I run yearly diversity workshops to give students opportunities to explore issues of prejudice and discrimination in a safe space. I have found it is critical for the facilitator/trainer to be comfortable and confident in introducing themes of race and racism, and to be able to manage the experience in the room. Having some contextual experiences to reference and draw on is immensely important in engaging students in this thinking, as what we experience in the ‘real world’ occurs in the classroom. Students can be fearful about sharing their experiences or their thinking. Global majority students may worry about coming across as accusing, while white students may feel accused of being racist or responsible, or that they lack a level of insight to contribute to discussions. Some experiences that individuals may bring to the forum may be highly emotive or sensitive and that requires management and support.

Focus on intersectional identities is also an important awareness-raising subject area. We need to understand how a mother of four children who is estranged from her husband and has only been in the country for a few years with no real support network will engage in the study environment governed by the cultural beliefs and expectations that shape understanding, motivation and behaviour. In order to gain these insights, we must be prepared to ask the necessary questions and have difficult conversations, and perhaps even to recognise the importance of giving permission for these conversations to take place as a contributing aspect of the student’s academic and practical progress.

Good enough

I often reflect on my journey into academia and my interpretations of experiences that were perhaps at the very least distorted at times. A university colleague encouraged me to apply for a recently vacant lecturing post. After some deliberation, I applied and heard nothing back. At the time, I was almost relieved. Let’s be real, I thought – I am not good enough. 

When a colleague later checked up on why I had ‘changed my mind’ about applying because my application had not been received, I was suddenly faced with the idea that there was another narrative in play that I had not considered – and never thought to check out.
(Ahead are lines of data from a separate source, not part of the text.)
text \<open>Write a nonzero index as \<open>p^s * u\<close> with \<open>p \<nmid> u\<close> and \<open>s \<le> n\<close>, and let \<open>r \<in> F_n\<close>.
  For \<open>D_(a,b)\<close> with \<open>a = p^s * u > 0\<close>, apply \<open>D_(a - p^s, b)\<close> to \<open>D_(p^s,0) r = 0\<close> and read off the
  coefficient of \<open>v1^(p^s) w1^(a - p^s) w2^b\<close> in the iteration law: it contains no \<open>v2\<close>, and after
  \<open>v2 := 0\<close> the group law is just \<open>(v1 + w1, w2)\<close>, so only \<open>binom(a, p^s) D_(a,b) r\<close> survives.
  Since \<open>(1 + X)^(p^s) = 1 + X^(p^s)\<close> in characteristic \<open>p\<close>, \<open>binom(p^s * u, p^s) \<equiv> u \<noteq> 0\<close>.
  For \<open>D_(0,b)\<close> the same comparison with \<open>D_(0,p^s) r = 0\<close> yields \<open>binom(b, p^s) D_(0,b) r\<close> plus
  terms \<open>D_(a1,a2) r\<close> with \<open>a1 > 0\<close>; as \<open>F[m]\<close> has no constant terms these satisfy
  \<open>a1 + a2 \<le> b\<close>, so they vanish by the first case.\<close>

lemma tmul_tmono_left:
  "tmul q (tmono q c (e1,e2,e3,e4)) g (a1,a2,b1,b2) =
   (if a1 < q \<and> a2 < q \<and> b1 < q \<and> b2 < q \<and> e1 \<le> a1 \<and> e2 \<le> a2 \<and> e3 \<le> b1 \<and> e4 \<le> b2
    then c * g (a1-e1, a2-e2, b1-e3, b2-e4) else 0)"
proof -
  have summand: "tmono q c (e1,e2,e3,e4) (c1,c2,d1,d2) * g (a1-c1, a2-c2, b1-d1, b2-d2)
     = (if c1 = e1 then if c2 = e2 then if d1 = e3 then if d2 = e4 then
          (if e1 < q \<and> e2 < q \<and> e3 < q \<and> e4 < q then c * g (a1-e1, a2-e2, b1-e3, b2-e4) else 0)
        else 0 else 0 else 0 else 0)" for c1 c2 d1 d2
    by (auto simp: tmono_def)
  have const_if: "(\<Sum>k\<in>S. if P then f k else 0) = (if P then sum f S else 0)"
    for S P and f :: "nat \<Rightarrow> 'a"
    by simp
  show ?thesis
    unfolding tmul_def split_conv summand by (simp only: const_if sum.delta finite_atMost) auto
qed

lemma tmul_commute: "tmul q f g = tmul q g f"
proof (rule ext, clarify)
  have flip: "(\<Sum>c\<le>a. P c) = (\<Sum>c\<le>a. Q c)" if "\<And>c. c \<le> a \<Longrightarrow> P c = Q (a - c)"
    for a :: nat and P Q :: "nat \<Rightarrow> 'a"
    using that by (intro sum.reindex_bij_witness[of _ "\<lambda>c. a - c" "\<lambda>c. a - c"]) auto
  show "tmul q f g (a1,a2,b1,b2) = tmul q g f (a1,a2,b1,b2)" for a1 a2 b1 b2
    unfolding tmul_def split_conv by (intro if_cong refl, (rule flip)+) (simp add: mult.commute)
qed

lemma tmul_add_left: "tmul q (\<lambda>x. f x + g x) h = (\<lambda>x. tmul q f h x + tmul q g h x)"
  by (auto simp: tmul_def distrib_right sum.distrib fun_eq_iff)

lemma tmul_tone_left:
  "x < q \<Longrightarrow> y < q \<Longrightarrow> z < q \<Longrightarrow> w < q \<Longrightarrow> tmul q (tone q) f (x,y,z,w) = f (x,y,z,w)"
  by (simp add: tone_def tmul_tmono_left)

lemma tpow_0 [simp]: "tpow q f 0 = tone q"
  by (simp add: tpow_def)

lemma tpow_Suc: "tpow q f (Suc n) = tmul q f (tpow q f n)"
  by (simp add: tpow_def)

lemma tpow_v1_plus_w1:
  "tpow q (\<lambda>x. tmono q (1::'a::comm_ring_1) (1,0,0,0) x + tmono q 1 (0,0,1,0) x) n (a1,a2,b1,b2) =
   (if a2 = 0 \<and> b2 = 0 \<and> a1 + b1 = n \<and> a1 < q \<and> b1 < q then of_nat (n choose a1) else 0)"
proof (induction n arbitrary: a1 a2 b1 b2)
  case 0
  then show ?case by (auto simp: tone_def tmono_def)
next
  case (Suc n)
  then show ?case
    by (simp only: tpow_Suc tmul_add_left tmul_tmono_left) (cases a1; cases b1; auto)
qed

lemma tpow_v2_plus_w2:
  "tpow q (\<lambda>x. tmono q (1::'a::comm_ring_1) (0,1,0,0) x + tmono q 1 (0,0,0,1) x) n (a1,a2,b1,b2) =
   (if a1 = 0 \<and> b1 = 0 \<and> a2 + b2 = n \<and> a2 < q \<and> b2 < q then of_nat (n choose a2) else 0)"
proof (induction n arbitrary: a1 a2 b1 b2)
  case 0
  then show ?case by (auto simp: tone_def tmono_def)
next
  case (Suc n)
  then show ?case
    by (simp only: tpow_Suc tmul_add_left tmul_tmono_left) (cases a2; cases b2; auto)
qed

lemma tpow_w2: "tpow q (tmono q (1::'a::comm_ring_1) (0,0,0,1)) n = tmono q 1 (0,0,0,n)"
proof (induction n)
  case 0
  then show ?case by (simp add: tone_def)
next
  case (Suc n)
  show ?case
    by (rule ext, clarify, simp only: tpow_Suc Suc.IH tmul_tmono_left) (auto simp: tmono_def)
qed

definition tsubst_v2_zero :: "'a::zero tpoly \<Rightarrow> 'a tpoly" where
  "tsubst_v2_zero f = (\<lambda>(a1,a2,b1,b2). if a2 = 0 then f (a1,a2,b1,b2) else 0)"

lemma tsubst_v2_zero_tmul:
  "tsubst_v2_zero (tmul q f g) = tmul q (tsubst_v2_zero f) (tsubst_v2_zero g)"
  by (rule ext, clarify) (auto simp: tsubst_v2_zero_def tmul_def intro!: sum.neutral)

lemma tsubst_v2_zero_tpow: "tsubst_v2_zero (tpow q f n) = tpow q (tsubst_v2_zero f) n"
proof (induction n)
  case 0
  show ?case by (rule ext, clarify) (auto simp: tsubst_v2_zero_def tone_def tmono_def)
next
  case (Suc n)
  then show ?case by (simp add: tpow_Suc tsubst_v2_zero_tmul)
qed

lemma tsubst_v2_zero_Fm1:
  assumes "p > 0"
  shows "tsubst_v2_zero (Fm1 p m M alpha) =
    (\<lambda>x. tmono (p^m) (1::'a::comm_ring_1) (1,0,0,0) x + tmono (p^m) 1 (0,0,1,0) x)"
  using assms
  by (intro ext, clarify) (auto simp: tsubst_v2_zero_def Fm1_def tmono_def intro!: sum.neutral)

lemma tsubst_v2_zero_Fm2: "tsubst_v2_zero (Fm2 p m) = tmono (p^m) (1::'a::comm_ring_1) (0,0,0,1)"
  by (rule ext, clarify) (auto simp: tsubst_v2_zero_def Fm2_def tmono_def)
I find that students often make conclusions about what is happening or will happen based on historical internalised experiences and narratives of race that become the lens through which subsequent experiences are filtered. Using learning from therapy to help students to reflect on experience and identify alternative narratives through appropriate challenge can make a difference in their outcomes.

Quite often students fail to make disclosures about their concerns because of the conclusions they have drawn and their resignation about the potential outcomes of a particular situation. In some situations, this has meant a self-fulfilling prophecy for students who otherwise might have had the opportunity to address the barriers to their learning and find solutions to support progression. Instead, students become disillusioned, lose confidence in their abilities, disengage from their peers, become emotionally and psychologically distressed or experience physical illness.

My development is still a work in progress, but through therapy, I have gained great confidence in the work I do, how I engage with my colleagues and students, and its meaning to me on an existential level. I now accept that I have something to say and, equally important, that people will listen. I can acknowledge success in my career, that I am in a position where my experience in work and in life can be of use to others and that I am seen as a successful black man in my community – and that’s OK.

* Global majority is a collective term that refers to people who are black, Asian, brown, dual-heritage, indigenous to the Global South, and/or have been racialised as ‘ethnic minorities’.